Answer:
93 square units (the figure is not a rhombus)
Step-by-step explanation:
You want the area of the figure whose vertex coordinates are A(0,-5), B(9,2), C(12,13), and D(2,7).
The formula for the area of a polygon based on its coordinates might be written ...
[tex]\displaystyle A=\frac{1}{2}\left|\sum_{k=1}^n{x_k(y_{k+1}-y_{k-1})}\right|[/tex]
where coordinate indices wrap around from the end to the beginning.
Using this formula, we find the area to be ...
A = 1/2|0(2-7) +9(13-(-5)) +12(7-2) +2(-5-13)|
A = (1/2)|0 +162 +60 -36| = 1/2(186) = 93
The area of the figure is 93 square units.
The area of a rhombus could be calculated as half the product of the lengths of the diagonals.
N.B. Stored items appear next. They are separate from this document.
text \<open>The non-backtracking walk on the arcs of \<open>CB(k,a,b)\<close> runs along six branches (the two
  orientations of each cycle and of the path), which meet at the two vertices of degree 3; inside a
  branch the walk is deterministic. Eliminating the deterministic steps reduces \<open>det (x I - P)\<close> to a
  power of \<open>x\<close> times a \<open>6 \<times> 6\<close> determinant, and the characteristic polynomial becomes
  \<open>(x^a - 1/2) (x^b - 1/2) (x^(2 (k - 1)) (x^a - 1/2) (x^b - 1/2) - 1/4)\<close>.
  Kemeny's constant, the sum of \<open>1 / (1 - \<rho>)\<close> over the roots other than the simple root 1, equals
  \<open>p'' 1 / (2 p' 1)\<close> for this polynomial \<open>p\<close>, which gives
  \<open>K_nb = 2 (a + b) + m - 1/2 - (a^2 + b^2) / (2 m)\<close> with \<open>m = a + b + k - 1\<close> edges.
  For \<open>m = n + 1\<close> fixed this increases with \<open>a + b\<close> and decreases with \<open>a^2 + b^2\<close>, so the maximum
  is attained for \<open>k = 2\<close> and \<open>a\<close>, \<open>b\<close> as equal as possible.\<close>

section \<open>Matrices indexed by lists\<close>

definition indexed_mat :: "'i list \<Rightarrow> ('i \<Rightarrow> 'i \<Rightarrow> 'a) \<Rightarrow> 'a mat" where
  "indexed_mat xs F = mat (length xs) (length xs) (\<lambda>(i, j). F (xs ! i) (xs ! j))"

lemma indexed_mat_carrier [simp]: "indexed_mat xs F \<in> carrier_mat (length xs) (length xs)"
  and dim_row_indexed_mat [simp]: "dim_row (indexed_mat xs F) = length xs"
  and dim_col_indexed_mat [simp]: "dim_col (indexed_mat xs F) = length xs"
  by (simp_all add: indexed_mat_def)

lemma index_indexed_mat [simp]:
  "i < length xs \<Longrightarrow> j < length xs \<Longrightarrow> indexed_mat xs F $$ (i, j) = F (xs ! i) (xs ! j)"
  by (simp add: indexed_mat_def)

lemma indexed_mat_map: "indexed_mat (map f xs) F = indexed_mat xs (\<lambda>s t. F (f s) (f t))"
  by (rule eq_matI) auto

lemma indexed_mat_upt: "indexed_mat [0..<n] F = mat n n (\<lambda>(i, j). F i j)"
  by (rule eq_matI) auto

lemma indexed_mat_cong:
  "(\<And>s t. s \<in> set xs \<Longrightarrow> t \<in> set xs \<Longrightarrow> F s t = G s t) \<Longrightarrow> indexed_mat xs F = indexed_mat xs G"
  by (rule eq_matI) auto

lemma indexed_mat_mult:
  fixes F G :: "'i \<Rightarrow> 'i \<Rightarrow> 'a :: semiring_0"
  assumes "distinct xs"
  shows "indexed_mat xs F * indexed_mat xs G = indexed_mat xs (\<lambda>s t. \<Sum>m\<in>set xs. F s m * G m t)"
proof (rule eq_matI)
  let ?H = "indexed_mat xs (\<lambda>s t. \<Sum>m\<in>set xs. F s m * G m t)"
  fix i j assume "i < dim_row ?H" "j < dim_col ?H"
  then have i: "i < length xs" and j: "j < length xs" by auto
  have "(\<Sum>l<length xs. F (xs ! i) (xs ! l) * G (xs ! l) (xs ! j)) = (\<Sum>m\<in>set xs. F (xs ! i) m * G m (xs ! j))"
    by (rule sum.reindex_bij_betw[OF bij_betw_nth[OF assms]]) auto
  then show "(indexed_mat xs F * indexed_mat xs G) $$ (i, j) = ?H $$ (i, j)"
    using i j by (simp add: scalar_prod_def atLeast0LessThan)
qed auto

lemma det_permute_rows_cols:
  fixes A :: "'a :: comm_ring_1 mat"
  assumes A: "A \<in> carrier_mat n n" and p: "p permutes {0..<n}"
  shows "det (mat n n (\<lambda>(i, j). A $$ (p i, p j))) = det A"
proof -
  define B where "B = mat n n (\<lambda>(i, j). A $$ (p i, j))"
  have B: "B \<in> carrier_mat n n" and Bt: "transpose_mat B \<in> carrier_mat n n" by (simp_all add: B_def)
  have p_less: "p i < n" if "i < n" for i using permutes_in_image[OF p] that by simp
  have "mat n n (\<lambda>(i, j). A $$ (p i, p j)) = transpose_mat (mat n n (\<lambda>(i, j). transpose_mat B $$ (p i, j)))"
    by (rule eq_matI) (auto simp: B_def p_less)
  then have "det (mat n n (\<lambda>(i, j). A $$ (p i, p j))) = det (mat n n (\<lambda>(i, j). transpose_mat B $$ (p i, j)))"
    by (metis det_transpose mat_carrier)
  also have "\<dots> = signof p * det B"
    using det_permute_rows[OF Bt p] det_transpose[OF B] by simp
  also have "\<dots> = signof p * signof p * det A"
    using det_permute_rows[OF A p] by (simp add: B_def)
  also have "signof p * signof p = (1 :: 'a)"
    by (simp flip: of_int_mult)
  finally show ?thesis by simp
qed

lemma det_indexed_mat_reorder:
  fixes F :: "'i \<Rightarrow> 'i \<Rightarrow> 'a :: comm_ring_1"
  assumes "distinct xs" "distinct ys" "set xs = set ys"
  shows "det (indexed_mat ys F) = det (indexed_mat xs F)"
proof -
  have "mset ys = mset xs" using assms by (simp add: set_eq_iff_mset_eq_distinct)
  then obtain p where p: "p permutes {..<length xs}" and ys: "permute_list p xs = ys"
    by (rule mset_eq_permutation)
  have p_less: "p i < length xs" if "i < length xs" for i using permutes_in_image[OF p] that by simp
  have "indexed_mat ys F = mat (length xs) (length xs) (\<lambda>(i, j). indexed_mat xs F $$ (p i, p j))"
    unfolding ys[symmetric] using p by (intro eq_matI) (auto simp: permute_list_nth p_less)
  then show ?thesis
    using det_permute_rows_cols[OF indexed_mat_carrier] p by (simp add: lessThan_atLeast0)
qed

lemma poly_char_poly_indexed_mat:
  fixes P :: "'i \<Rightarrow> 'i \<Rightarrow> 'a :: field"
  assumes "distinct xs"
  shows "poly (char_poly (indexed_mat xs P)) x = det (indexed_mat xs (\<lambda>s t. (if s = t then x else 0) - P s t))"
proof -
  have "- char_matrix (indexed_mat xs P) x = indexed_mat xs (\<lambda>s t. (if s = t then x else 0) - P s t)"
    using assms by (intro eq_matI) (auto simp: char_matrix_def nth_eq_iff_index_eq)
  then show ?thesis by (simp add: char_poly_matrix[OF indexed_mat_carrier])
qed

text \<open>Sorting the index list by the rank makes such a matrix lower triangular.\<close>

lemma det_indexed_mat_ranked:
  fixes G :: "'i \<Rightarrow> 'i \<Rightarrow> 'a :: comm_ring_1" and r :: "'i \<Rightarrow> nat"
  assumes "distinct xs"
    and diag: "\<And>s. s \<in> set xs \<Longrightarrow> G s s = x"
    and off_diag: "\<And>s t. s \<in> set xs \<Longrightarrow> t \<in> set xs \<Longrightarrow> s \<noteq> t \<Longrightarrow> G s t \<noteq> 0 \<Longrightarrow> r t < r s"
  shows "det (indexed_mat xs G) = x ^ length xs"
proof -
  define ys where "ys = sort_key r xs"
  have ys: "distinct ys" "set ys = set xs" "length ys = length xs" "sorted (map r ys)"
    using assms(1) by (simp_all add: ys_def)
  have upper_zero: "indexed_mat ys G $$ (i, j) = 0" if "i < j" "j < length ys" for i j
  proof (rule ccontr)
    assume nz: "indexed_mat ys G $$ (i, j) \<noteq> 0"
    have "ys ! i \<noteq> ys ! j" using that ys(1) by (simp add: nth_eq_iff_index_eq)
    moreover have "ys ! i \<in> set xs" "ys ! j \<in> set xs" using that ys(2,3) by (metis nth_mem order.strict_trans)+
    ultimately have "r (ys ! j) < r (ys ! i)" using nz that off_diag by simp
    moreover have "r (ys ! i) \<le> r (ys ! j)"
      using sorted_nth_mono[OF ys(4), of i j] that by simp
    ultimately show False by simp
  qed
  have "det (indexed_mat ys G) = prod_list (diag_mat (indexed_mat ys G))"
    by (rule det_lower_triangular[OF upper_zero indexed_mat_carrier])
  also have "diag_mat (indexed_mat ys G) = replicate (length xs) x"
    using diag ys(2,3) by (intro nth_equalityI) (auto simp: diag_mat_def, metis nth_mem)
  also have "prod_list \<dots> = x ^ length xs" by simp
  finally show ?thesis using det_indexed_mat_reorder[OF assms(1) ys(1) ys(2)[symmetric], of G] by simp
qed

lemma det_indexed_mat_append_unit_cols:
  fixes G :: "'i \<Rightarrow> 'i \<Rightarrow> 'a :: idom"
  assumes distinct: "distinct (js @ rs)"
    and unit_cols: "\<And>s t. s \<in> set (js @ rs) \<Longrightarrow> t \<in> set rs \<Longrightarrow> G s t = (if s = t then 1 else 0)"
  shows "det (indexed_mat (js @ rs) G) = det (indexed_mat js G)"
proof -
  define C where "C = mat (length rs) (length js) (\<lambda>(i, j). G (rs ! i) (js ! j))"
  have "indexed_mat (js @ rs) G = four_block_mat (indexed_mat js G) (0\<^sub>m (length js) (length rs)) C (1\<^sub>m (length rs))"
    (is "_ = ?M")
  proof (rule eq_matI)
    fix i j assume "i < dim_row ?M" "j < dim_col ?M"
    then have i: "i < length (js @ rs)" and j: "j < length (js @ rs)" by auto
    show "indexed_mat (js @ rs) G $$ (i, j) = ?M $$ (i, j)"
    proof (cases "j < length js")
      case False
      then have "(js @ rs) ! j \<in> set rs" using j by (simp add: nth_append)
      then have "G ((js @ rs) ! i) ((js @ rs) ! j) = (if i = j then 1 else 0)"
        using unit_cols[OF nth_mem[OF i]] nth_eq_iff_index_eq[OF distinct i j] by simp
      then show ?thesis using False i j by (auto simp: nth_append)
    qed (use i j in \<open>auto simp: nth_append C_def\<close>)
  qed auto
  also have "det \<dots> = det (indexed_mat js G) * det (1\<^sub>m (length rs) :: 'a mat)"
    by (rule det_four_block_mat_upper_right_zero) (auto simp: C_def)
  finally show ?thesis by simp
qed

text \<open>The test for zero entries prunes the expansion of sparse matrices.\<close>

lemma det_mat_Suc_expand_first_row:
  "det (mat (Suc n) (Suc n) f) = (\<Sum>j<Suc n. if f (0, j) = 0 then 0 else
      (-1) ^ j * f (0, j) * det (mat n n (\<lambda>(i, j'). f (Suc i, if j' < j then j' else Suc j'))))"
proof -
  have minor: "mat n n (\<lambda>(i, j'). mat (Suc n) (Suc n) f $$ (Suc i, if j' < j then j' else Suc j'))
     = mat n n (\<lambda>(i, j'). f (Suc i, if j' < j then j' else Suc j'))" if "j < Suc n" for j
    by (rule eq_matI) auto
  show ?thesis
    by (subst laplace_expansion_row[of _ "Suc n" 0]) (auto simp: cofactor_def mat_delete_def minor intro!: sum.cong)
qed

section \<open>Walks along branches\<close>

text \<open>A walk along branches: arc \<open>(c, i)\<close> is the \<open>i\<close>-th arc of branch \<open>c\<close>, which has \<open>L c\<close> arcs.\<close>

definition branch_arcs :: "'c list \<Rightarrow> ('c \<Rightarrow> nat) \<Rightarrow> ('c \<times> nat) list" where
  "branch_arcs cs L = [(c, 0). c \<leftarrow> cs] @ [(c, i). c \<leftarrow> cs, i \<leftarrow> [1..<L c]]"

fun branch_walk :: "('c \<Rightarrow> nat) \<Rightarrow> ('c \<Rightarrow> 'c \<Rightarrow> 'a :: zero_neq_one) \<Rightarrow> 'c \<times> nat \<Rightarrow> 'c \<times> nat \<Rightarrow> 'a" where
  "branch_walk L B (c, i) (d, j) =
     (if Suc i < L c then (if d = c \<and> j = Suc i then 1 else 0) else if j = 0 then B c d else 0)"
This is only true because the diagonals of a rhombus cross at right angles.
Here, the differences between diagonally opposite coordinates are ...
AC = (12, 18) . . . . slope = 18/12 = 3/2
BD = (-7, 5) . . . . slope = 5/-7 = -5/7
If the diagonals are perpendicular, their slopes have a product of -1. Here, the product is ...
(3/2)(-5/7) = (-15/14) ≠ -1
The given figure is not a rhombus.
If we assume the diagonals are perpendicular, then the area would be ...
A = 1/2√(12²+18²)√((-5)²+7²) = 1/2√34632 ≈ 93.048
Rounded to the nearest tenth, this area would be 93.0 square units.
The diagonals actually cross at an angle of about 88.152°, so the area is actually ...
93.048·sin(88.152°) = 93 square units (exactly)
(Development of this formula is beyond the scope of this answer.)